→ **PROBLEM DESCRIPTION**
When you have gone through the records below, state only how many lines include the word "thesis".

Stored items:
(* For all $m\ge1$, $\bar\delta_{2m,1}=\frac{m}{2(2m-1)}$ and $\bar\delta_{2m+1,1}=\frac{m+1}{2(2m+1)}$.
   Context: For integers $\lambda\ge0$, $d\ge1$, write $\lambda=\sum_{i=1}^d\binom{k_i}{i}$ uniquely with $k_d>\cdots>k_1\ge0$ and set $\lambda^{[d]}=\sum_{i=1}^d\binom{k_i}{i+1}$. For $n>d$ and $0\le\lambda\le\binom nd$ let $\delta_{n,d}(\lambda)=\lambda/\binom nd-\lambda^{[d]}/\binom n{d+1}$, and let $\bar\delta_{n,d}=\max_{0\le\lambda\le\binom nd}\delta_{n,d}(\lambda)$ (the paper denotes this maximum simply by $\delta_{n,d}$ in this part). *)

theory Defs
  imports Complex_Main
begin

text \<open>d-cascade (Macaulay) representation: lam = sum_{i=1}^d (k_i choose i)
  with k_d > ... > k_1 >= 0.  The sequence k is normalised to be 0 outside {1..d}
  so that it is unique.\<close>
definition cascade_rep :: "nat \<Rightarrow> nat \<Rightarrow> (nat \<Rightarrow> nat) \<Rightarrow> bool" where
  "cascade_rep d lam k \<longleftrightarrow>
     (\<forall>i. 1 \<le> i \<and> i < d \<longrightarrow> k i < k (Suc i)) \<and>
     (\<forall>i. i \<notin> {1..d} \<longrightarrow> k i = 0) \<and>
     lam = (\<Sum>i=1..d. k i choose i)"

definition cascade_seq :: "nat \<Rightarrow> nat \<Rightarrow> (nat \<Rightarrow> nat)" where
  "cascade_seq d lam = (THE k. cascade_rep d lam k)"

definition upper_shadow :: "nat \<Rightarrow> nat \<Rightarrow> nat" where
  "upper_shadow d lam = (\<Sum>i=1..d. cascade_seq d lam i choose (i + 1))"

definition delta :: "nat \<Rightarrow> nat \<Rightarrow> nat \<Rightarrow> real" where
  "delta n d lam = real lam / real (n choose d) - real (upper_shadow d lam) / real (n choose (d + 1))"

definition delta_bar :: "nat \<Rightarrow> nat \<Rightarrow> real" where
  "delta_bar n d = Max (delta n d ` {0..n choose d})"

end

theory Submission
  imports Defs
begin

text \<open>For \<open>d = 1\<close> the cascade representation of \<open>lam\<close> is just \<open>lam = lam choose 1\<close>,
  so the upper shadow is \<open>lam choose 2\<close> and \<open>delta n 1 lam = lam (n - lam) / (n (n - 1))\<close>.
  The integer quadratic \<open>lam (n - lam)\<close> on \<open>0 \<le> lam \<le> n\<close> is maximal at \<open>lam = n div 2\<close>.\<close>

lemma cascade_seq_one: "cascade_seq 1 lam = (\<lambda>i. if i = 1 then lam else 0)"
  unfolding cascade_seq_def
proof (rule the_equality)
  show "cascade_rep 1 lam (\<lambda>i. if i = 1 then lam else 0)"
    unfolding cascade_rep_def by auto
  show "k = (\<lambda>i. if i = 1 then lam else 0)" if "cascade_rep 1 lam k" for k
    using that unfolding cascade_rep_def by fastforce
qed

lemma upper_shadow_one: "upper_shadow 1 lam = lam choose 2"
  unfolding upper_shadow_def cascade_seq_one by (simp add: numeral_2_eq_2)

lemma real_choose_two: "real (n choose 2) = real n * (real n - 1) / 2"
proof -
  have "even (n * (n - 1))" by (cases "even n") auto
  then have "real (n * (n - 1) div 2) = real (n * (n - 1)) / 2"
    by (simp add: real_of_nat_div)
  then show ?thesis by (cases n) (simp_all add: choose_two algebra_simps)
qed

lemma delta_one:
  assumes "n \<ge> 2"
  shows "delta n 1 lam = real lam * (real n - real lam) / (real n * (real n - 1))"
proof -
  have "real (n choose (1 + 1)) = real n * (real n - 1) / 2"
    by (simp only: one_add_one real_choose_two)
  then have "delta n 1 lam
      = real lam / real n - (real lam * (real lam - 1) / 2) / (real n * (real n - 1) / 2)"
    unfolding delta_def upper_shadow_one real_choose_two by simp
  also have "\<dots> = real lam * (real n - real lam) / (real n * (real n - 1))"
    using assms by (simp add: field_simps)
  finally show ?thesis .
qed

text \<open>With \<open>h = n div 2\<close> and \<open>r = n mod 2\<close>, the difference of the two sides is
  \<open>(l - h)(l - h - r)\<close>, a product of two factors of equal sign because \<open>l\<close> and \<open>h\<close>
  are integers and \<open>r \<le> 1\<close>.\<close>
lemma mult_diff_le_half:
  "real l * (real n - real l) \<le> real (n div 2) * (real n - real (n div 2))"
proof -
  define h where "h = n div 2"
  define r where "r = n mod 2"
  have "n = 2 * h + r" unfolding h_def r_def by simp
  then have n: "real n = 2 * real h + real r" by simp
  have r: "real r \<le> 1" unfolding r_def by simp
  have "0 \<le> (real l - real h) * (real l - real h - real r)"
  proof (cases "l \<le> h")
    case True
    then show ?thesis by (intro mult_nonpos_nonpos) auto
  next
    case False
    then have "real l \<ge> real h + 1" by simp
    with r show ?thesis by (intro mult_nonneg_nonneg) auto
  qed
  then show ?thesis
    unfolding h_def[symmetric] n by (simp add: algebra_simps)
qed

lemma delta_bar_one:
  assumes "n \<ge> 2"
  shows "delta_bar n 1 = real (n div 2) * (real n - real (n div 2)) / (real n * (real n - 1))"
  unfolding delta_bar_def
proof (rule Max_eqI)
  have pos: "real n * (real n - 1) > 0" using assms by simp
  show "finite (delta n 1 ` {0..n choose 1})" by simp
  show "y \<le> real (n div 2) * (real n - real (n div 2)) / (real n * (real n - 1))"
    if "y \<in> delta n 1 ` {0..n choose 1}" for y
  proof -
    from that obtain l where "l \<le> n" and "y = delta n 1 l" by auto
    then show ?thesis
      unfolding delta_one[OF assms] using pos mult_diff_le_half[of l n]
      by (auto intro: divide_right_mono)
  qed
  show "real (n div 2) * (real n - real (n div 2)) / (real n * (real n - 1))
      \<in> delta n 1 ` {0..n choose 1}"
  proof (rule image_eqI[where x = "n div 2"])
    show "real (n div 2) * (real n - real (n div 2)) / (real n * (real n - 1))
        = delta n 1 (n div 2)"
      by (rule delta_one[OF assms, symmetric])
  qed simp
qed

theorem proposition6p1:
  fixes m :: nat
  assumes "m \<ge> 1"
  shows "delta_bar (2*m) 1 = real m / (2 * (2 * real m - 1))
    \<and> delta_bar (2*m+1) 1 = real (m+1) / (2 * (2 * real m + 1))"
proof
  have "delta_bar (2*m) 1 = real m * real m / (2 * real m * (2 * real m - 1))"
    using delta_bar_one[of "2*m"] assms by simp
  also have "\<dots> = real m / (2 * (2 * real m - 1))"
    using assms by simp
  finally show "delta_bar (2*m) 1 = real m / (2 * (2 * real m - 1))" .
next
  have "delta_bar (2*m+1) 1 = real m * (real m + 1) / ((2 * real m + 1) * (2 * real m))"
    using delta_bar_one[of "2*m+1"] assms by simp
  also have "\<dots> = (real (m+1) * real m) / ((2 * (2 * real m + 1)) * real m)"
    by (simp add: algebra_simps)
  also have "\<dots> = real (m+1) / (2 * (2 * real m + 1))"
    using assms by simp
  finally show "delta_bar (2*m+1) 1 = real (m+1) / (2 * (2 * real m + 1))" .
qed

end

→ **RESULT BELOW**
6